Archive for June, 2006



L.A. Doubletake of the Week


h1 Wednesday, June 7th, 2006

June 7, 2006

Remember when everyone—the media, your teacher, your neighbor the plastics executive—reminded you of The Next Big Thing and How You Should Be Part of the Information Revolution? Well, for the 14 Luddites sitting in a well appointed library in the English and Appalachian countrysides…here’s final proof: my nephew is walking to his car on Sunet and LaBrea and a homeless woman asks him for money.
“Don’t have any,” he tells her. “Well, do you have any free minutes left on a cyber card so I can check my email?” she asks, motioning to the internet cafe next door.

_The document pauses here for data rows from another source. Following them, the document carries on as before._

text \<open>Eliminating one index of M by its Schur complement reduces the claim to a smaller index set.\<close>

lemma psd_on_pairing_nonneg:
  assumes "finite S" "\<forall>i j. M i j = M j i" "psd_on S M" "psd_on S Z"
  shows "0 \<le> (\<Sum>i\<in>S. \<Sum>j\<in>S. M i j * Z i j)"
  using assms
proof (induction S arbitrary: M rule: finite_induct)
  case empty
  then show ?case by simp
next
  case (insert k S)
  have ZS: "psd_on S Z" using psd_on_insertD[OF insert.hyps insert.prems(3)] .
  have "0 \<le> M k k" using psd_on_diagonal_nonneg[OF insert.hyps insert.prems(1,2)] .
  then consider "M k k = 0" | "0 < M k k" by linarith
  then show ?case
  proof cases
    case 1
    have row: "(\<Sum>j\<in>S. M k j * w j) = 0" for w
      using psd_on_zero_diagonal_row[OF insert.hyps insert.prems(1,2) 1] .
    have "(\<Sum>i\<in>S. M i k * Z i k) = (\<Sum>i\<in>S. M k i * Z i k)" using insert.prems(1) by simp
    then have "(\<Sum>i\<in>insert k S. \<Sum>j\<in>insert k S. M i j * Z i j) = (\<Sum>i\<in>S. \<Sum>j\<in>S. M i j * Z i j)"
      unfolding double_sum_insert[OF insert.hyps] using row[of "Z k"] row[of "\<lambda>i. Z i k"] 1 by simp
    moreover have "0 \<le> (\<Sum>i\<in>S. \<Sum>j\<in>S. M i j * Z i j)"
      using insert.IH[OF insert.prems(1) psd_on_insertD[OF insert.hyps insert.prems(2)] ZS] .
    ultimately show ?thesis by simp
  next
    case 2
    let ?M' = "\<lambda>i j. M i j - M i k * M k j / M k k"
    have "0 \<le> (\<Sum>i\<in>S. \<Sum>j\<in>S. ?M' i j * Z i j)"
    proof (rule insert.IH)
      show "\<forall>i j. ?M' i j = ?M' j i" using insert.prems(1) by (simp add: mult.commute)
      show "psd_on S ?M'" using psd_on_schur_complement[OF insert.hyps insert.prems(1,2) 2] .
    qed (rule ZS)
    moreover have "0 \<le> quad_form Z (insert k S) (M k)" using insert.prems(3) by (simp add: psd_on_def)
    moreover have "M k k \<noteq> 0" using 2 by simp
    ultimately show ?thesis
      unfolding pairing_insert_schur[OF insert.hyps insert.prems(1) \<open>M k k \<noteq> 0\<close>] using 2 by simp
  qed
qed

lemma quad_form_vec: "quad_form (\<lambda>i j. M$i$j) UNIV w = (\<chi> i. w i) \<bullet> (M *v (\<chi> i. w i))"
  unfolding quad_eq_frob_outer quad_form_def frob_def outer_def by (simp add: algebra_simps)

lemma psd_frob_nonneg:
  fixes M Z :: "real^'n^'n"
  assumes "psd M" "\<forall>v. 0 \<le> v \<bullet> (Z *v v)"
  shows "0 \<le> frob M Z"
  unfolding frob_def
proof (rule psd_on_pairing_nonneg)
  show "\<forall>i j. M$i$j = M$j$i" using assms(1) unfolding psd_def sym_mat_def transpose_def
    by (metis vec_lambda_beta)
  show "psd_on UNIV (\<lambda>i j. M$i$j)" "psd_on UNIV (\<lambda>i j. Z$i$j)"
    using assms by (simp_all add: psd_on_def quad_form_vec psd_def)
qed simp

lemma quad_scaleR:
  fixes P :: "real^'n^'n"
  shows "(c *\<^sub>R v) \<bullet> (P *v (c *\<^sub>R v)) = c^2 * (v \<bullet> (P *v v))"
proof -
  have "P *v (c *\<^sub>R v) = c *\<^sub>R (P *v v)"
    by (simp add: vec_eq_iff matrix_vector_mult_def sum_distrib_left algebra_simps)
  then show ?thesis by (simp add: power2_eq_square)
qed

lemma pd_quad_lower_bound:
  fixes P :: "real^'n^'n"
  assumes "pd P"
  obtains \<mu> where "\<mu> > 0" "\<And>v. \<mu> * (v \<bullet> v) \<le> v \<bullet> (P *v v)"
proof -
  let ?f = "\<lambda>v::real^'n. v \<bullet> (P *v v)"
  have cont: "continuous_on (sphere 0 1) ?f"
    by (intro continuous_intros matrix_vector_mult_linear_continuous_on)
  have "sphere (0::real^'n) 1 \<noteq> {}" by (simp add: sphere_eq_empty)
  then obtain v0 where v0: "v0 \<in> sphere 0 1" "\<And>v. v \<in> sphere 0 1 \<Longrightarrow> ?f v0 \<le> ?f v"
    using continuous_attains_inf[OF compact_sphere _ cont] by blast
  have "v0 \<noteq> 0" using v0(1) by auto
  then have "?f v0 > 0" using assms by (simp add: pd_def)
  then show ?thesis
  proof (rule that)
    fix v :: "real^'n"
    show "?f v0 * (v \<bullet> v) \<le> ?f v"
    proof (cases "v = 0")
      case False
      define u where "u = (1 / norm v) *\<^sub>R v"
      have "u \<in> sphere 0 1" using False by (simp add: u_def)
      then have "?f v0 \<le> ?f u" by (rule v0(2))
      have "v = norm v *\<^sub>R u" using False by (simp add: u_def)
      then have "?f v = (norm v)^2 * ?f u" by (metis quad_scaleR)
      moreover have "v \<bullet> v = (norm v)^2" by (simp add: power2_norm_eq_inner)
      ultimately show ?thesis using \<open>?f v0 \<le> ?f u\<close>
        by (metis mult.commute mult_right_mono zero_le_power2)
    qed simp
  qed
qed

lemma quad_upper_bound:
  fixes Y :: "real^'n^'n"
  obtains B where "B > 0" "\<And>v. \<bar>v \<bullet> (Y *v v)\<bar> \<le> B * (v \<bullet> v)"
proof -
  obtain B where B: "B > 0" "\<And>x. norm (Y *v x) \<le> B * norm x"
    using linear_bounded_pos[OF matrix_vector_mul_linear] by blast
  show ?thesis
  proof (rule that[OF B(1)])
    fix v :: "real^'n"
    have "\<bar>v \<bullet> (Y *v v)\<bar> \<le> norm v * norm (Y *v v)" by (rule Cauchy_Schwarz_ineq2)
    also have "\<dots> \<le> norm v * (B * norm v)" by (rule mult_left_mono[OF B(2)]) simp
    also have "\<dots> = B * (v \<bullet> v)" by (simp add: power2_norm_eq_inner[symmetric] power2_eq_square)
    finally show "\<bar>v \<bullet> (Y *v v)\<bar> \<le> B * (v \<bullet> v)" .
  qed
qed

lemma pd_qf_sublevel_bounded:
  assumes "pd P"
  shows "bounded {x. qf P b c x \<le> C}"
proof -
  obtain \<mu> where \<mu>: "\<mu> > 0" "\<And>v. \<mu> * (v \<bullet> v) \<le> v \<bullet> (P *v v)"
    using pd_quad_lower_bound[OF assms] by blast
  define R where "R = max 1 ((2 * norm b + \<bar>C - c\<bar>) / \<mu>)"
  have "norm x \<le> R" if "qf P b c x \<le> C" for x
  proof (rule ccontr)
    assume "\<not> norm x \<le> R"
    then have big: "R < norm x" and "1 < norm x" unfolding R_def by auto
    have "\<bar>b \<bullet> x\<bar> \<le> norm b * norm x" by (rule Cauchy_Schwarz_ineq2)
    moreover have "\<mu> * (norm x)^2 \<le> x \<bullet> (P *v x)" using \<mu>(2)[of x] by (simp add: power2_norm_eq_inner)
    ultimately have "\<mu> * (norm x)^2 \<le> 2 * norm b * norm x + \<bar>C - c\<bar>"
      using that unfolding qf_def by linarith
    also have "\<dots> \<le> (2 * norm b + \<bar>C - c\<bar>) * norm x"
      using \<open>1 < norm x\<close> mult_right_mono[of 1 "norm x" "\<bar>C - c\<bar>"] by (simp add: algebra_simps)
    finally have "(\<mu> * norm x) * norm x \<le> (2 * norm b + \<bar>C - c\<bar>) * norm x"
      by (simp add: power2_eq_square mult.assoc)
    then have "\<mu> * norm x \<le> 2 * norm b + \<bar>C - c\<bar>"
      by (rule mult_right_le_imp_le) (use \<open>1 < norm x\<close> in linarith)
    then have "norm x \<le> (2 * norm b + \<bar>C - c\<bar>) / \<mu>" using \<mu>(1) by (simp add: field_simps)
    then show False using big unfolding R_def by simp
  qed
  then show ?thesis unfolding bounded_iff by blast
qed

A C. Ray Sea Change: Feats Don’t Fail Me Now, Or Post Modern Titles For Old World Health Care


h1 Thursday, June 1st, 2006

June 1, 2006

I’ve been getting serious about my foot lately—the foot on which I am forbidden to dance, says my Korean acupuncturist. He failed to negate the command, however, and what came out a few weeks ago was, “You have a choice. You have a choice!” So the intern, sensing that the crazy, illogical wheels in my head were wishfully creaking, quickly pointed out, “He means, You have no choice. You can’t dance.” Hope—once again dashed in TinselTown. When they lit a candle, switched on the New Age sea sounds, and closed the door, I could feel the qi (chi) moving. The mass of stagnation that I’ve been post-hurricane was finally flowing a little, with some encouragement from thin silvery pokers. It flowed right up to my eyes and a few salty drops fell down my cheeks. I couldn’t wipe them away; you’re not supposed to move with needles stuck in your meridiens.
The Chinese herbs are another matter entirely. They taste like dirt trampled by farm animals. I take them on an empty stomach, making big, dramatic farm animal noises with each swallow. But that’s not the extent of my semi-nausea. I’m almost getting used to the taste of the herbs. It’s the date that’s been getting to me lately—since December.
There’s been a daily low level stress in my bones—and everyone else who calls New Orleans or the Gulf Coast home knows it well—a mounting pressure rising imperceptibly with each day, as we move closer to the Day, to Hurricane Season. Some of us missed Christmas, Mardi Gras, Jazz Fest…but no one can escape this one. If I were at home, I’d probably attend the same voodoo ceremony I went to a few years ago—to stave off the birthday “presents.” And I’d probably go to church to do the same—to pray in a hallowed place that the misfires of the Army Corps of Engineers don’t fall victim to their incompetence. I’d probably take long walks in the heat—a veritable sauna—to sweat out the impurities, to pray that the sinking feeling and by now mid-level stress isn’t commensurate with the onslaught of climactic “gifts.” NO PRESENTS, I’d say. PLEASE, NO PRESENTS. JUST BRING YOURSELF.
Today is the birthday of Hurricane Season. It is a long, diva season, longer than any other woman’s I know. And today there’s a brass band playing to mark C. Ray’s mayoral triumph and, really, there’s no other choice but to move on and ahead, upward and onward, one unified people and city. And like a good Aries whose birthday season is passed, I say move on and unify, let bygones be bygones…there is no time. No time for quibbling. No time for pettiness or beefs. Light the candles, bang the drum, and someone—I mean this—shake the mayor’s hand for me. I’m far away for a while. But I’m celebrating. I’ve got my own candles. One for my foot and one that there isn’t a hurricane junta. And one for my mother. She would have been 62 today.